Kevin's back on stage.

You can use Flash, Flex, Ajax to build AIR apps.

The next version of Flex, codenamed Moxy. Heidi Williams is talking about the next version of Flex now.

She's going to show four highly requested features: Flex profiler, language intelligence (and code refactoring) advanced data visualization, flex framework caching.

(All of these were previously demoed at FlashForward Boston the other week.)

She shows a demo of refactoring by changing a method name. It gets a lot of applause. I guess a lot of people here haven't seen JDT! Are there any other refactoring tools in the latest beta (pull out, etc.?)

The audience likes the new data grid and the Flex framework caching.

Kevin's back to announce the Flex AIR Derby winners: Spaz.AIR, Ora Time Tracker, Agile Agenda, SearchCoders, and Digimix.

Overall winner: Agile Agenda (a project manager).

Ebay is releasing the beta of their AIR application today.

AOL is working on an AIR app: Top 100 videos. They're launching it today too.

SAP, PayPal, etc. are building business apps on AIR. And a bunch of media apps being developed.

Disney is developing an app. Bob (Disney) and Cary (frog design) are taking the stage. They're talking about their "B2B web sites", etc. (OK, this is _really_ corporate dudes!.. Yawn!) The AIR app they built is really quite cool though.

Kevin is running through a bunch of AIR apps being developed now: Tweetr 2.1.

We can see Ryan Stewarts Twitter on the Adobe purchase of Buzzword.

Snippage: Very cool - make your own widgets by cutting up web sites.

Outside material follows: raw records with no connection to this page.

lemma all_two_if_small_dimension:
  fixes q :: "nat \<Rightarrow> nat"
  assumes n: "3 \<le> n" "n \<le> 6" and q: "\<forall>k\<in>{1..n}. 2 \<le> q k"
    and P: "real n * ln (real n) \<le> (\<Prod>k=1..n. 1 + 1 / real (q k))"
  shows "\<forall>k\<in>{1..n}. q k = 2"
proof (rule ccontr)
  assume "\<not> (\<forall>k\<in>{1..n}. q k = 2)"
  then obtain j where j: "j \<in> {1..n}" "3 \<le> q j"
    using q by force
  have "(\<Prod>k\<in>{1..n}-{j}. 1 + 1 / real (q k)) \<le> (3/2) ^ (n - 1)"
  proof (rule prod_le_power)
    fix k assume "k \<in> {1..n}-{j}"
    then have "2 \<le> q k"
      using q by auto
    then show "0 \<le> 1 + 1 / real (q k) \<and> 1 + 1 / real (q k) \<le> 3/2"
      by (auto simp: field_simps)
  qed (use j in auto)
  moreover have "1 + 1 / real (q j) \<le> 4/3"
    using j(2) by (simp add: field_simps)
  ultimately have "(1 + 1 / real (q j)) * (\<Prod>k\<in>{1..n}-{j}. 1 + 1 / real (q k)) \<le> 4/3 * (3/2) ^ (n - 1)"
    by (intro mult_mono) (auto intro: prod_nonneg)
  also have "(1 + 1 / real (q j)) * (\<Prod>k\<in>{1..n}-{j}. 1 + 1 / real (q k)) = (\<Prod>k=1..n. 1 + 1 / real (q k))"
    using j by (intro prod.remove [symmetric]) auto
  finally have "real n * ln (real n) \<le> 4/3 * (3/2) ^ (n - 1)"
    using P by linarith
  moreover have "n = 3 \<or> n = 4 \<or> n = 5 \<or> n = 6"
    using n by auto
  ultimately show False
    using ln_3_gt_1 ln_4_ge ln_5_ge ln_6_ge by (auto simp: eval_nat_numeral)
qed

lemma sum_ln_less_prod_small_dimension:
  fixes q :: "nat \<Rightarrow> nat"
  assumes n: "3 \<le> n" "n \<le> 6" and q: "\<forall>k\<in>{1..n}. 2 \<le> q k"
    and P: "real n * ln (real n) \<le> (\<Prod>k=1..n. 1 + 1 / real (q k))"
  shows "(\<Sum>k=1..n. ln (real (q k))) < (\<Prod>k=1..n. 1 + 1 / real (q k)) - 1"
proof -
  have "\<forall>k\<in>{1..n}. q k = 2"
    using all_two_if_small_dimension[OF assms] .
  then have "(\<Sum>k=1..n. ln (real (q k))) = real n * ln 2"
    and "(\<Prod>k=1..n. 1 + 1 / real (q k)) = (3/2) ^ n"
    by simp_all
  moreover have "n = 3 \<or> n = 4 \<or> n = 5 \<or> n = 6"
    using n by auto
  ultimately show ?thesis
    using ln_2_less by (auto simp: eval_nat_numeral)
qed

(* ln x is a convex function of 1/x, so it lies below its chord between x = 2 and x = N. *)
lemma ln_le_chord_of_inverse:
  fixes x N :: real
  assumes "2 \<le> x" "x \<le> N"
  shows "ln x \<le> ln N - (ln N - ln 2) / (1/2 - 1/N) * (1/x - 1/N)"
proof -
  have "{1/N..1/2} \<subseteq> {0<..}"
    using assms by (auto intro: less_le_trans[of 0 "1/N"])
  then have "concave_on {1/N..1/2} ln"
    using ln_concave unfolding concave_on_def by (auto intro: convex_on_subset)
  moreover have "1/x \<in> {1/N..1/2}"
    using assms by (auto simp: field_simps)
  ultimately have "(ln (1/2) - ln (1/N)) / (1/2 - 1/N) * (1/x - 1/N) + ln (1/N) \<le> ln (1/x)"
    by (rule concave_onD_Icc')
  then show ?thesis
    using assms by (simp add: ln_div)
qed

lemma prod_one_plus_inverse_le_exp:
  fixes q :: "'a \<Rightarrow> nat"
  assumes "finite K" "\<forall>k\<in>K. N \<le> q k" "0 < N"
  shows "(\<Prod>k\<in>K. 1 + 1 / real (q k)) \<le> exp (real (card K) / real N)"
proof -
  have "(\<Prod>k\<in>K. 1 + 1 / real (q k)) \<le> (\<Prod>k\<in>K. exp (1 / real N))"
  proof (intro prod_mono conjI)
    fix k assume "k \<in> K"
    then have "1 / real (q k) \<le> 1 / real N"
      using assms(2,3) by (intro divide_left_mono) auto
    then show "1 + 1 / real (q k) \<le> exp (1 / real N)"
      using exp_ge_add_one_self[of "1 / real N"] by linarith
  qed simp
  also have "\<dots> = exp (real (card K) / real N)"
    by (simp flip: exp_of_nat_mult)
  finally show ?thesis .
qed

lemma prod_one_plus_inverse_mult_le:
  fixes q :: "'a \<Rightarrow> nat"
  assumes "finite K" "\<forall>k\<in>K. N < q k" "card K \<le> N"
  shows "(\<Prod>k\<in>K. 1 + 1 / real (q k)) * real (N - card K) \<le> real N"
proof -
  define R where "R = (\<Prod>k\<in>K. 1 + 1 / real (q k))"
  define t where "t = real (card K) / real (N + 1)"
  have "R \<le> exp t"
    unfolding R_def t_def using assms(1,2) by (intro prod_one_plus_inverse_le_exp) auto
  then have "R * exp (- t) \<le> 1"
    by (simp add: exp_minus field_simps)
  moreover have "R * (1 - t) \<le> R * exp (- t)"
    unfolding R_def using exp_ge_add_one_self[of "- t"] by (intro mult_left_mono prod_nonneg) auto
  ultimately have "R * (1 - t) * (real N + 1) \<le> real N + 1"
    by simp
  moreover have "R * (1 - t) * (real N + 1) = R * (real N + 1 - real (card K))"
    unfolding t_def by (simp add: field_simps)
  ultimately have "R * (real N + 1 - real (card K)) \<le> real N + 1"
    by simp
  moreover have "1 \<le> R"
    unfolding R_def by (intro prod_ge_1) auto
  ultimately show ?thesis
    unfolding R_def using assms(3) by (simp add: of_nat_diff algebra_simps)
qed

lemma ln_chord_slope_ge:
  assumes "7 \<le> n"
  shows "12/5 \<le> (ln (real n) - ln 2) / (1/2 - 1 / real n)"
proof -
  have "ln (7/2) \<le> ln (real n / 2)"
    using assms by (subst ln_le_cancel_iff) auto
  moreover have "ln (real n / 2) = ln (real n) - ln 2"
    using assms by (simp add: ln_div)
  ultimately have "6/5 \<le> ln (real n) - ln 2"
    using ln_7_2_ge by simp
  moreover have "12/5 * (1/2 - 1 / real n) \<le> 6/5"
    by (simp add: right_diff_distrib)
  ultimately have "12/5 * (1/2 - 1 / real n) \<le> ln (real n) - ln 2"
    by linarith
  moreover have "0 < 1/2 - 1 / real n"
    using assms by (auto simp: field_simps)
  ultimately show ?thesis
    by (simp add: pos_le_divide_eq)
qed
(* For integers $i\ge 0$ and $j\ge 0$, let $g^{(2)}_{i,j}$ be the number of 2-generalized grand Motzkin paths of length $i$ and height $j$. Then for every $j\ge 0$, $$M^{(j)}(x):=\sum_{i\ge 0} g^{(2)}_{i,j}x^i=\frac{F(x)^{j+1}\,C\big(F(x)^2\big)^j}{x\big(1-2F(x)^2C(F(x)^2)\big)},$$ where $F(x)=\frac{x}{1-x-x^2}$ and $C(x)=\frac{1-\sqrt{1-4x}}{2x}$. Moreover, for $0\le j\le i$, $$g^{(2)}_{i,j}=\sum_{m=0}^{i}\sum_{l=0}^{i-j-2m}\binom{2m+j}{m}\binom{l+j+2m}{l}\binom{l}{i-j-2m-l}.$$
   Context: A 2-generalized grand Motzkin path of length $n$ is a lattice path in $\mathbb{Z}\times\mathbb{Z}$ starting at $(0,0)$ and ending at a point with $x$-coordinate $n$, using steps $U=(1,1)$, $D=(1,-1)$, $H=(1,0)$ and $H_2=(2,0)$, with no restriction of staying above the $x$-axis. Its height is its final $y$-coordinate. $F(x)$ is the generating function of the Fibonacci numbers and $C(x)$ that of the Catalan numbers; $C(F(x)^2)$ denotes composition of formal power series. Sums with upper limit smaller than the lower limit are empty. *)

theory Defs
  imports "HOL-Computational_Algebra.Formal_Power_Series"
begin

datatype step = U | D | H | H2

fun step_len :: "step \<Rightarrow> nat" where
  "step_len U = 1" | "step_len D = 1" | "step_len H = 1" | "step_len H2 = 2"

fun step_rise :: "step \<Rightarrow> int" where
  "step_rise U = 1" | "step_rise D = -1" | "step_rise H = 0" | "step_rise H2 = 0"

text \<open>A 2-generalized grand Motzkin path is a word over the steps; its length is the
 final x-coordinate and its height the final y-coordinate.\<close>
definition path_length :: "step list \<Rightarrow> nat" where
  "path_length p = (\<Sum>s\<leftarrow>p. step_len s)"

definition path_height :: "step list \<Rightarrow> int" where
  "path_height p = (\<Sum>s\<leftarrow>p. step_rise s)"

definition g2 :: "nat \<Rightarrow> nat \<Rightarrow> nat" where
  "g2 i j = card {p. path_length p = i \<and> path_height p = int j}"

definition catalan :: "nat \<Rightarrow> nat" where
  "catalan n = (2 * n choose n) div (n + 1)"

definition fibF :: "real fps" where
  "fibF = fps_X / (1 - fps_X - fps_X ^ 2)"

definition catC :: "real fps" where
  "catC = Abs_fps (\<lambda>n. real (catalan n))"

definition Mj :: "nat \<Rightarrow> real fps" where
  "Mj j = Abs_fps (\<lambda>i. real (g2 i j))"

end

theory Submission
  imports Defs
begin

(*
  Removing the first step of a path shows that the numbers of paths of length n ending at
  height h (h any integer) satisfy g(h,0) = [h = 0] and
  g(h,n+1) = g(h-1,n) + g(h+1,n) + g(h,n) + g(h,n-1), and this recurrence determines them.
  In terms of generating functions it reads (1 - x - x^2) G_h = [h = 0] + x (G_{h-1} + G_{h+1}),
  which is solved by G_h = Z^|h| W as soon as (1 - x - x^2) Z = x (1 + Z^2) and
  (1 - x - x^2) W = 1 + 2 x Z W. With F = x/(1 - x - x^2) the first equation holds for
  Z = F C(F^2) because C = 1 + x C^2, which follows from (1 - 2 x C)^2 = 1 - 4 x, i.e. from the
  binomial series of (1 - 4x)^(1/2); the second one then defines W.

  For the explicit formula, classify paths by the number k of U and D steps: these form a walk
  with steps +-1 ending at height j, counted by (k choose (k-j)/2), and the l flat steps are
  distributed over the k+1 gaps in (l+k choose l) ways, with i-k-l of them being H2.
  This count satisfies the same recurrence.
*)

unbundle fps_syntax

definition paths :: "nat \<Rightarrow> int \<Rightarrow> step list set" where
  "paths n h = {p. path_length p = n \<and> path_height p = h}"

lemma path_length_Nil [simp]: "path_length [] = 0"
  by (simp add: path_length_def)

lemma path_length_Cons [simp]: "path_length (s # p) = step_len s + path_length p"
  by (simp add: path_length_def)

lemma path_height_Nil [simp]: "path_height [] = 0"
  by (simp add: path_height_def)

lemma path_height_Cons [simp]: "path_height (s # p) = step_rise s + path_height p"
  by (simp add: path_height_def)

lemma step_len_pos: "step_len s > 0"
  by (cases s) auto

lemma length_le_path_length: "length p \<le> path_length p"
proof (induction p)
  case (Cons s p)
  then show ?case
    using step_len_pos[of s] by simp
qed simp

lemma UNIV_step: "(UNIV :: step set) = {U, D, H, H2}"
  by (auto intro: step.exhaust)

lemma finite_paths: "finite (paths n h)"
proof (rule finite_subset)
  show "paths n h \<subseteq> {p. set p \<subseteq> UNIV \<and> length p \<le> n}"
    unfolding paths_def using length_le_path_length by auto
  show "finite {p. set p \<subseteq> (UNIV :: step set) \<and> length p \<le> n}"
    by (rule finite_lists_length_le) (simp add: UNIV_step)
qed

lemma paths_0: "paths 0 h = (if h = 0 then {[]} else {})"
proof -
  have "path_length p = 0 \<longleftrightarrow> p = []" for p
    by (cases p) (use step_len_pos in auto)
  then show ?thesis
    unfolding paths_def by (simp add: set_eq_iff) (metis path_height_Nil)
qed

lemma paths_Suc:
  "paths (Suc n) h = (\<Union>s. Cons s ` {q. step_len s + path_length q = Suc n \<and> step_rise s + path_height q = h})"
proof (rule set_eqI)
  fix p
  show "p \<in> paths (Suc n) h \<longleftrightarrow> p \<in> (\<Union>s. Cons s ` {q. step_len s + path_length q = Suc n \<and> step_rise s + path_height q = h})"
    by (cases p) (auto simp: paths_def)
qed

lemma card_paths_Suc:
  "card (paths (Suc n) h) = card (paths n (h - 1)) + card (paths n (h + 1)) + card (paths n h)
     + (if n = 0 then 0 else card (paths (n - 1) h))"
proof -
  define Q where "Q s = {q. step_len s + path_length q = Suc n \<and> step_rise s + path_height q = h}" for s
  have Q_steps: "Q U = paths n (h - 1)" "Q D = paths n (h + 1)" "Q H = paths n h"
    "Q H2 = (if n = 0 then {} else paths (n - 1) h)"
    by (auto simp: Q_def paths_def)
  have "finite (Q s)" for s
    by (cases s) (simp_all add: Q_steps finite_paths)
  then have "card (paths (Suc n) h) = (\<Sum>s\<in>UNIV. card (Cons s ` Q s))"
    unfolding paths_Suc Q_def[symmetric]
    by (subst card_UN_disjoint) (auto simp: UNIV_step)
  also have "\<dots> = (\<Sum>s\<in>UNIV. card (Q s))"
    by (simp add: card_image)
  finally show ?thesis
    by (simp add: UNIV_step Q_steps)
qed

definition grand_motzkin_rec :: "(int \<Rightarrow> nat \<Rightarrow> 'a::semiring_1) \<Rightarrow> bool" where
  "grand_motzkin_rec Q \<longleftrightarrow> (\<forall>h. Q h 0 = (if h = 0 then 1 else 0)) \<and>
     (\<forall>h n. Q h (Suc n) = Q (h - 1) n + Q (h + 1) n + Q h n + (if n = 0 then 0 else Q h (n - 1)))"

lemma grand_motzkin_rec_unique:
  assumes "grand_motzkin_rec Q" and "grand_motzkin_rec R"
  shows "Q = R"
proof -
  have "Q h n = R h n" for h n
  proof (induction n arbitrary: h rule: less_induct)
    case (less n)
    with assms show ?case
      by (cases n) (auto simp: grand_motzkin_rec_def)
  qed
  then show ?thesis
    by blast
qed

lemma grand_motzkin_rec_of_nat:
  "grand_motzkin_rec Q \<Longrightarrow> grand_motzkin_rec (\<lambda>h n. of_nat (Q h n))"
  by (simp add: grand_motzkin_rec_def)

lemma grand_motzkin_rec_card_paths: "grand_motzkin_rec (\<lambda>h n. card (paths n h))"
  by (simp add: grand_motzkin_rec_def paths_0 card_paths_Suc)

lemma Suc_dvd_central_binomial: "Suc m dvd (2 * m choose m)"
proof -
  have "Suc m * (2 * m choose Suc m) = (2 * m - m) * (2 * m choose m)"
    by (simp only: binomial_absorption binomial_absorb_comp)
  then have "Suc m * (2 * m choose Suc m) = m * (2 * m choose m)"
    by simp
  then have "2 * m choose m = Suc m * ((2 * m choose m) - (2 * m choose Suc m))"
    by (simp add: diff_mult_distrib2)
  then show ?thesis
    by (metis dvd_triv_left)
qed

lemma of_nat_catalan: "real (catalan m) = real (2 * m choose m) / (m + 1)"
  unfolding catalan_def using Suc_dvd_central_binomial[of m] by (simp add: real_of_nat_div)

lemma central_binomial_Suc: "Suc m * (2 * Suc m choose Suc m) = 2 * (2 * m + 1) * (2 * m choose m)"
proof -
  have two_Suc: "2 * Suc m = Suc (Suc (2 * m))"
    by simp
  have "Suc (2 * m) choose m = Suc (2 * m) choose Suc m"
    using binomial_symmetric[of m "Suc (2 * m)"] by simp
  have "Suc m * (Suc m * (2 * Suc m choose Suc m)) = Suc m * (Suc (Suc (2 * m)) * (Suc (2 * m) choose m))"
    by (simp only: two_Suc Suc_times_binomial)
  also have "\<dots> = Suc (Suc (2 * m)) * (Suc m * (Suc (2 * m) choose Suc m))"
    by (metis \<open>Suc (2 * m) choose m = Suc (2 * m) choose Suc m\<close> mult.left_commute)
  also have "\<dots> = Suc m * (2 * (2 * m + 1) * (2 * m choose m))"
    by (simp only: Suc_times_binomial) simp
  finally show ?thesis
    by (metis mult_left_cancel nat.distinct(1))
qed

lemma catalan_Suc_ratio: "real (catalan (Suc m)) = real (catalan m) * (2 * (2 * m + 1)) / (m + 2)"
proof -
  define a where "a = real (2 * m choose m)"
  define b where "b = real (2 * Suc m choose Suc m)"
  have "real (Suc m) * b = real (2 * (2 * m + 1)) * a"
    unfolding a_def b_def by (simp only: of_nat_mult[symmetric] central_binomial_Suc)
  then have "b = a * (2 * (2 * m + 1)) / (m + 1)"
    by (simp add: field_simps)
  then show ?thesis
    unfolding of_nat_catalan a_def[symmetric] b_def[symmetric] by simp
qed

lemma gbinomial_Suc_ratio: "(a::real) gchoose Suc k = (a gchoose k) * (a - of_nat k) / of_nat (Suc k)"
proof -
  have "of_nat (Suc k) * (a gchoose Suc k) = (a - of_nat k) * (a gchoose k)"
    using gbinomial_absorption[of k a] gbinomial_absorb_comp[of a k] by simp
  then show ?thesis
    by (simp add: field_simps del: of_nat_Suc)
qed
definition kuratowski :: "('a \<Rightarrow> 'a \<Rightarrow> real) \<Rightarrow> 'a set \<Rightarrow> real" where
  "kuratowski d S = Inf {\<delta>. \<delta> \<ge> 0 \<and> (\<exists>F. finite F \<and> \<Union>F = S \<and>
      (\<forall>A\<in>F. \<forall>x\<in>A. \<forall>y\<in>A. d x y \<le> \<delta>))}"

definition order_preserving_on :: "'a::real_normed_vector set \<Rightarrow> ('a \<Rightarrow> 'a) \<Rightarrow> bool" where
  "order_preserving_on C f \<longleftrightarrow>
     (\<forall>x\<in>interior C. \<forall>y\<in>interior C. cone_le C x y \<longrightarrow> cone_le C (f x) (f y))"

definition subhomogeneous_on :: "'a::real_normed_vector set \<Rightarrow> ('a \<Rightarrow> 'a) \<Rightarrow> bool" where
  "subhomogeneous_on C f \<longleftrightarrow>
     (\<forall>x\<in>interior C. \<forall>t::real. t \<ge> 1 \<longrightarrow> cone_le C (f (t *\<^sub>R x)) (t *\<^sub>R f x))"

definition gamma_condensing :: "'a::real_normed_vector set \<Rightarrow> ('a \<Rightarrow> 'a) \<Rightarrow> bool" where
  "gamma_condensing C f \<longleftrightarrow> continuous_on (interior C) f \<and>
     (\<forall>S. S \<subseteq> interior C \<and> bounded S \<and> kuratowski dist S > 0 \<longrightarrow>
        kuratowski dist (f ` S) < kuratowski dist S)"

definition tau_condensing :: "'a::real_normed_vector set \<Rightarrow> ('a \<Rightarrow> 'a) \<Rightarrow> bool" where
  "tau_condensing C f \<longleftrightarrow> continuous_on (interior C) f \<and>
     (\<forall>S. thompson_bounded C S \<and> kuratowski (thompson C) S > 0 \<longrightarrow>
        kuratowski (thompson C) (f ` S) < kuratowski (thompson C) S)"
(* Assume the Lipschitz gradient assumption, $r_1>L_x$, and $r_2>(\frac{L_y}{r_1-L_x}+2)L_y$. Then for all $x,x'\in\mathcal X$, $y,y'\in\mathcal Y$, $z,z'\in\mathbb R^n$, $v,v'\in\mathbb R^d$: (i) $\|x(y',z,v)-x(y,z,v)\|\le\sigma_1\|y'-y\|$; (ii) $\|x(y,z',v)-x(y,z,v)\|\le\sigma_2\|z-z'\|$; (iii) $\|x(z',v)-x(z,v)\|\le\sigma_2\|z-z'\|$; (iv) $\|y(z,v)-y(z',v)\|\le\sigma_3\|z-z'\|$; (v) $\|y(x,z,v)-y(x',z,v)\|\le\sigma_4\|x-x'\|$; (vi) $\|y(x,z,v)-y(x,z,v')\|\le\sigma_5\|v-v'\|$; (vii) $\|y(z,v)-y(z,v')\|\le\sigma_5\|v-v'\|$, where $\sigma_1=\frac{L_y+r_1-L_x}{r_1-L_x}$, $\sigma_2=\frac{r_1}{r_1-L_x}$, $\sigma_3=\frac{r_1\sigma_1}{r_2-L_y}+\frac{\sigma_2}{\sigma_1}$, $\sigma_4=\frac{L_x+r_2-L_y}{r_2-L_y}$, $\sigma_5=\frac{r_2}{r_2-L_y}$.
   Context: Let $\mathcal X\subset\mathbb R^n$, $\mathcal Y\subset\mathbb R^d$ be nonempty convex compact sets and $f:\mathbb R^n\times\mathbb R^d\to\mathbb R$ continuously differentiable. Lipschitz gradient assumption: there are $L_x,L_y>0$ such that for all $x,x'\in\mathcal X$, $y,y'\in\mathcal Y$, $\|\nabla_x f(x,y)-\nabla_x f(x',y')\|\le L_x(\|x-x'\|+\|y-y'\|)$ and $\|\nabla_y f(x,y)-\nabla_y f(x',y')\|\le L_y(\|x-x'\|+\|y-y'\|)$. $F(x,y,z,v)=f(x,y)+\frac{r_1}{2}\|x-z\|^2-\frac{r_2}{2}\|y-v\|^2$. For $z\in\mathbb R^n$, $v\in\mathbb R^d$: $d(y,z,v)=\min_{x\in\mathcal X}F(x,y,z,v)$ with unique minimizer $x(y,z,v)$; $h(x,z,v)=\max_{y\in\mathcal Y}F(x,y,z,v)$ with unique maximizer $y(x,z,v)$; $x(z,v)=\arg\min_{x\in\mathcal X}h(x,z,v)$; $y(z,v)=\arg\max_{y\in\mathcal Y}d(y,z,v)$. *)

theory Defs
  imports "HOL-Analysis.Analysis"
begin

definition Fpx :: "('n::euclidean_space \<Rightarrow> 'd::euclidean_space \<Rightarrow> real) \<Rightarrow> real \<Rightarrow> real
    \<Rightarrow> 'n \<Rightarrow> 'd \<Rightarrow> 'n \<Rightarrow> 'd \<Rightarrow> real" where
  "Fpx f r1 r2 x y z v = f x y + r1 / 2 * (norm (x - z))^2 - r2 / 2 * (norm (y - v))^2"

definition dfun :: "'n::euclidean_space set \<Rightarrow> ('n \<Rightarrow> 'd::euclidean_space \<Rightarrow> real) \<Rightarrow> real \<Rightarrow> real
    \<Rightarrow> 'd \<Rightarrow> 'n \<Rightarrow> 'd \<Rightarrow> real" where
  "dfun X f r1 r2 y z v = Inf ((\<lambda>x. Fpx f r1 r2 x y z v) ` X)"

definition hfun :: "'d::euclidean_space set \<Rightarrow> ('n::euclidean_space \<Rightarrow> 'd \<Rightarrow> real) \<Rightarrow> real \<Rightarrow> real
    \<Rightarrow> 'n \<Rightarrow> 'n \<Rightarrow> 'd \<Rightarrow> real" where
  "hfun Y f r1 r2 x z v = Sup ((\<lambda>y. Fpx f r1 r2 x y z v) ` Y)"

definition xyzv :: "'n::euclidean_space set \<Rightarrow> ('n \<Rightarrow> 'd::euclidean_space \<Rightarrow> real) \<Rightarrow> real \<Rightarrow> real
    \<Rightarrow> 'd \<Rightarrow> 'n \<Rightarrow> 'd \<Rightarrow> 'n" where
  "xyzv X f r1 r2 y z v =
     (THE x. x \<in> X \<and> (\<forall>x'\<in>X. Fpx f r1 r2 x y z v \<le> Fpx f r1 r2 x' y z v))"

definition yxzv :: "'d::euclidean_space set \<Rightarrow> ('n::euclidean_space \<Rightarrow> 'd \<Rightarrow> real) \<Rightarrow> real \<Rightarrow> real
    \<Rightarrow> 'n \<Rightarrow> 'n \<Rightarrow> 'd \<Rightarrow> 'd" where
  "yxzv Y f r1 r2 x z v =
     (THE y. y \<in> Y \<and> (\<forall>y'\<in>Y. Fpx f r1 r2 x y' z v \<le> Fpx f r1 r2 x y z v))"

definition xzv :: "'n::euclidean_space set \<Rightarrow> 'd::euclidean_space set \<Rightarrow> ('n \<Rightarrow> 'd \<Rightarrow> real)
    \<Rightarrow> real \<Rightarrow> real \<Rightarrow> 'n \<Rightarrow> 'd \<Rightarrow> 'n" where
  "xzv X Y f r1 r2 z v =
     (THE x. x \<in> X \<and> (\<forall>x'\<in>X. hfun Y f r1 r2 x z v \<le> hfun Y f r1 r2 x' z v))"

definition yzv :: "'n::euclidean_space set \<Rightarrow> 'd::euclidean_space set \<Rightarrow> ('n \<Rightarrow> 'd \<Rightarrow> real)
    \<Rightarrow> real \<Rightarrow> real \<Rightarrow> 'n \<Rightarrow> 'd \<Rightarrow> 'd" where
  "yzv X Y f r1 r2 z v =
     (THE y. y \<in> Y \<and> (\<forall>y'\<in>Y. dfun X f r1 r2 y' z v \<le> dfun X f r1 r2 y z v))"

end

theory Submission
  imports Defs
begin

text \<open>For fixed parameters, \<open>F\<close> is \<open>(r1 - Lx)\<close>-strongly convex in \<open>x\<close> and \<open>(r2 - Ly)\<close>-strongly
concave in \<open>y\<close>, and strong convexity survives taking suprema, so \<open>h\<close> and \<open>-d\<close> are strongly convex
as well. If \<open>u1\<close>, \<open>u2\<close> minimize two \<open>\<mu>\<close>-strongly convex functions \<open>\<psi>1\<close>, \<open>\<psi>2\<close>, adding the two quadratic
growth inequalities gives \<open>\<mu> |u1 - u2|\<^sup>2 \<le> \<phi> u2 - \<phi> u1\<close> with \<open>\<phi> = \<psi>1 - \<psi>2\<close>. When \<open>\<psi>1\<close> and \<open>\<psi>2\<close> differ
in one parameter, the increment of \<open>\<phi>\<close> is controlled by the mixed difference of \<open>f\<close> (through the
Lipschitz gradient) and by the cross terms of the proximal squares; this gives (i)-(iii) and
(v)-(vii). For (iv) the same argument leaves a factor \<open>|x(y1,z',v) - x(y2,z,v)|\<close>, which (i) and (ii)
bound linearly in \<open>|y1 - y2|\<close> and \<open>|z - z'|\<close>; solving the resulting quadratic inequality gives \<open>\<sigma>3\<close>.\<close>

lemma mult_le_of_mult_square_le:
  fixes t \<mu> c :: real
  assumes "0 \<le> t" "\<mu> * t\<^sup>2 \<le> c * t" "0 \<le> c"
  shows "\<mu> * t \<le> c"
proof (cases "t = 0")
  case False
  with assms(1) have "0 < t" by simp
  moreover have "(\<mu> * t) * t \<le> c * t" using assms(2) by (simp add: power2_eq_square mult.assoc)
  ultimately show ?thesis by (rule mult_right_le_imp_le[rotated])
qed (use assms in simp)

Technical difficulty. The keyboard's not working.

Pronto: An email app. Looks very cool.

Google Analytics Reporting Suite. Nice!

OK, so AIR is really going to revolutionize _desktop_ apps by actually making them easy to build.

Drag and drop between AIR applications. (He dragged a chart from the PayPal app to the Pronto mail client.)

Looks like I have 8 minutes of battery left so I don't think I'm going to get the whole keynote. They haven't announced anything new yet!

There's a Facebook chat app on AIR (Wave IM).

He create a song using an AIR app, output it to a Quicktime file and then shared it with his friends by dragging it to the Pownce app.

H.264 is going to be in air in the next beta.

See, the difference between Flash/Flex/AIR and Silverlight/etc. is that the Adobe stuff is easy to understand and work with. Nice stuff!

Kevin's demoing the Adobe Buzzword AIR application. So Adobe's getting into the Office space. Interesting move.

OK, seriously out of juice...

Plugged in!

So, of course, they showed the Big New Thing the moment I ran out of juice! Astro: The code name for Flash Player 10.

They demoed RTL text, the next text controls (multi-column, flowing, editable text), the new 3D features, and Hydra, the new custom bitmap effects language.

I'm going to upload a video of the Astro announcements in a little bit.